Review

(Note: covers CS130, Winter 2001; based on material from previous classes, in particular Fall 1999 and review of Winter 2000).

The primary motivation for a PL is to provide a good notation for problem solving.

What does a program do? A program manipulates data values.

 
               +-----------+
       input ->|  PROGRAM  |-> output
      (value)  +-----------+  (value)

So a program has following aspects:

program = data + operations + control

For example, a program can add (operation) the scores (data) of the students of a course to find the average. For this some kind of looping (control) is required.

Observation: Not all operations are valid for all values. For example, operation addition is not valid for the name of a person. So values for which a set of operations is valid are grouped together into a type:

value + operation = type

Most PLs have several builtin types: integers, reals, etc. The builtin operations are: addition, etc.

A given problem may require handling its own set of data values. So most PLs provide a facility to create problem specific data values ("structs", user-defined types, ADTs) and operations ("functions") on them.

Variables and Declarations

The fundamental constructs in imperative languages are variables and assignment. Variables have types and values associated with them. A variable can be thought of as a placeholder or a "box" in which values are stored. The type of values stored determines the type of the variable. Variables are introduced to compilers through declarations. Typical declarations are shown below:

     var age: integer; (* Pascal *)
     int age; // C, Java

A declaration makes the compiler take note of the name (age) and its type (integer). The compiler also creates a reference for the variable. The question now is whether storage is allocated for the variable or not. Some languages allocate storage at compile time whereas others allocate storage at runtime.

An issue related to declarations is that of initialization. In some languages, declared variables are automatically and appropriately initialized. Some languages (Java, for example) complain if a variable is used before it is initialized. Most of the languages provide some facility for initialization at the time of declaration.

	int x = 10; // C

A declaration is called a binding occurrence; all other occurrences called applied or bound occurrences:

float x, y;  // binding occurrence, C, Java
x, y: real;  // binding occurrence, Pascal
procedure foo(x: integer; var y: real); // binding occurrence Pascal

x = 0.7; // bound occurrence of x
y = sin(x); // bound occurrences of x and y

Expressions and Statements

Computation proceeds by manipulating values. Expressions specify computation of new values.
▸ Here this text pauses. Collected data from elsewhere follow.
(* Let $1\le a\le\sqrt3$ and $c(a)=\frac98(a+\frac1a)$. For $K>c(a)^2/9$ let $C_{K}$ be the closed curve $\{M\in\mathbb{R}^3: aM_1^2+\frac1aM_2^2-3M_3-c(a)=0,\ M_1^2+M_2^2+M_3^2=K\}$, let $M(t)=(M_1(t),M_2(t),M_3(t))$ be a periodic solution of $$\dot M_1=-\tfrac1aM_2M_3-\tfrac32M_2,\quad \dot M_2=aM_1M_3+\tfrac32M_1,\quad \dot M_3=\left(\tfrac1a-a\right)M_1M_2$$ traversing $C_K$, with period $T(K,a)$, let $D(K,a)$ be the part of the sphere $M_1^2+M_2^2+M_3^2=K$ below $C_K$ (the component of the sphere minus $C_K$ containing $(0,0,-\sqrt K)$), and define the Berry phase $$\Delta\theta(K,a)=\frac1{\sqrt K}\int_0^{T(K,a)}\left(\tfrac32M_3(t)+c(a)\right)dt+\mathrm{Area}(D(K,a)).$$ Then $$\lim_{K\to c(a)^2/9+0}\Delta\theta(K,a)=\frac{8a\pi}{\sqrt{3-a^2}\sqrt{3a^2-1}},$$ where for $a=\sqrt3$ the right-hand side is read as $+\infty$.
   Context: For $1\le a\le\sqrt3$ and $K>c(a)^2/9$, the intersection $C_K$ of the paraboloid and the sphere is a single closed curve surrounding the $M_3$-axis, and every solution of the stated system starting on $C_K$ is periodic and traverses $C_K$; $T(K,a)$ denotes its period. This system is the Lie–Poisson equation (with $M_4=1$) for the Fefferman metric of $\mathrm{SU}(2)$ with left-invariant CR structure $\mathbb{C}(e_1-\frac ia e_2)$, and $\Delta\theta$ is the Berry phase of the corresponding chain. Area is the standard surface area in $\mathbb{R}^3$. *)

theory Defs
  imports "HOL-Analysis.Analysis"
begin

definition cA :: "real \<Rightarrow> real" where
  "cA a = 9/8 * (a + 1/a)"

definition curveC :: "real \<Rightarrow> real \<Rightarrow> (real^3) set" where
  "curveC a K = {M. a * (M$1)^2 + (1/a) * (M$2)^2 - 3 * (M$3) - cA a = 0
                  \<and> (M$1)^2 + (M$2)^2 + (M$3)^2 = K}"

definition fieldF :: "real \<Rightarrow> real^3 \<Rightarrow> real^3" where
  "fieldF a M = vector [ -(1/a) * M$2 * M$3 - 3/2 * M$2,
                          a * M$1 * M$3 + 3/2 * M$1,
                          (1/a - a) * M$1 * M$2 ]"

definition periodic_sol_on :: "real \<Rightarrow> real \<Rightarrow> (real \<Rightarrow> real^3) \<Rightarrow> real \<Rightarrow> bool" where
  "periodic_sol_on a K M T \<longleftrightarrow>
     (\<forall>t. (M has_vector_derivative fieldF a (M t)) (at t)) \<and>
     M 0 \<in> curveC a K \<and> 0 < T \<and> M T = M 0 \<and> (\<forall>s\<in>{0<..<T}. M s \<noteq> M 0)"

definition regionD :: "real \<Rightarrow> real \<Rightarrow> (real^3) set" where
  "regionD a K = connected_component_set (sphere 0 (sqrt K) - curveC a K)
                    (vector [0, 0, - sqrt K])"

text \<open>Standard surface area of a subset S of the sphere of radius R, computed via
  the spherical-coordinate parametrisation r(th,ph) = R(sin ph cos th, sin ph sin th, cos ph),
  whose area element is |r_th x r_ph| = R^2 sin ph.\<close>
definition sphere_param :: "real \<Rightarrow> real \<times> real \<Rightarrow> real^3" where
  "sphere_param R p = vector [R * sin (snd p) * cos (fst p),
                              R * sin (snd p) * sin (fst p),
                              R * cos (snd p)]"

definition sphere_area :: "real \<Rightarrow> (real^3) set \<Rightarrow> real" where
  "sphere_area R S = integral ({0..2*pi} \<times> {0..pi})
      (\<lambda>p. indicator S (sphere_param R p) * R^2 * sin (snd p))"

definition berry_phase :: "real \<Rightarrow> real \<Rightarrow> (real \<Rightarrow> real^3) \<Rightarrow> real \<Rightarrow> real" where
  "berry_phase a K M T =
     1 / sqrt K * integral {0..T} (\<lambda>t. 3/2 * (M t)$3 + cA a)
     + sphere_area (sqrt K) (regionD a K)"

end

theory Submission
  imports Defs
begin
Expressions are composed of operands (constants and variables), operators, and possibly function calls. Evaluation proceeds by substituting values for operands and by performing the operations.

The values associated with the variables in a program is called the environment of the program. Evaluation of an expression should only produce a value and not change the environment. This requirement is called referential transparency. The following C expression is not referentially transparent:

a[i++] + c // not referentially transparent

Haskell, being a pure functional language, is referentially transparent: the evaluation of functions and expressions is side-effect free; we can replace any expression with its value, e.g., in f(exp_1, ..., exp_n) and still will get the same value. Referential transparency is violated by (so-called "destructive") assignment statements to global variables within function bodies, or expressions with side-effects like i++ above.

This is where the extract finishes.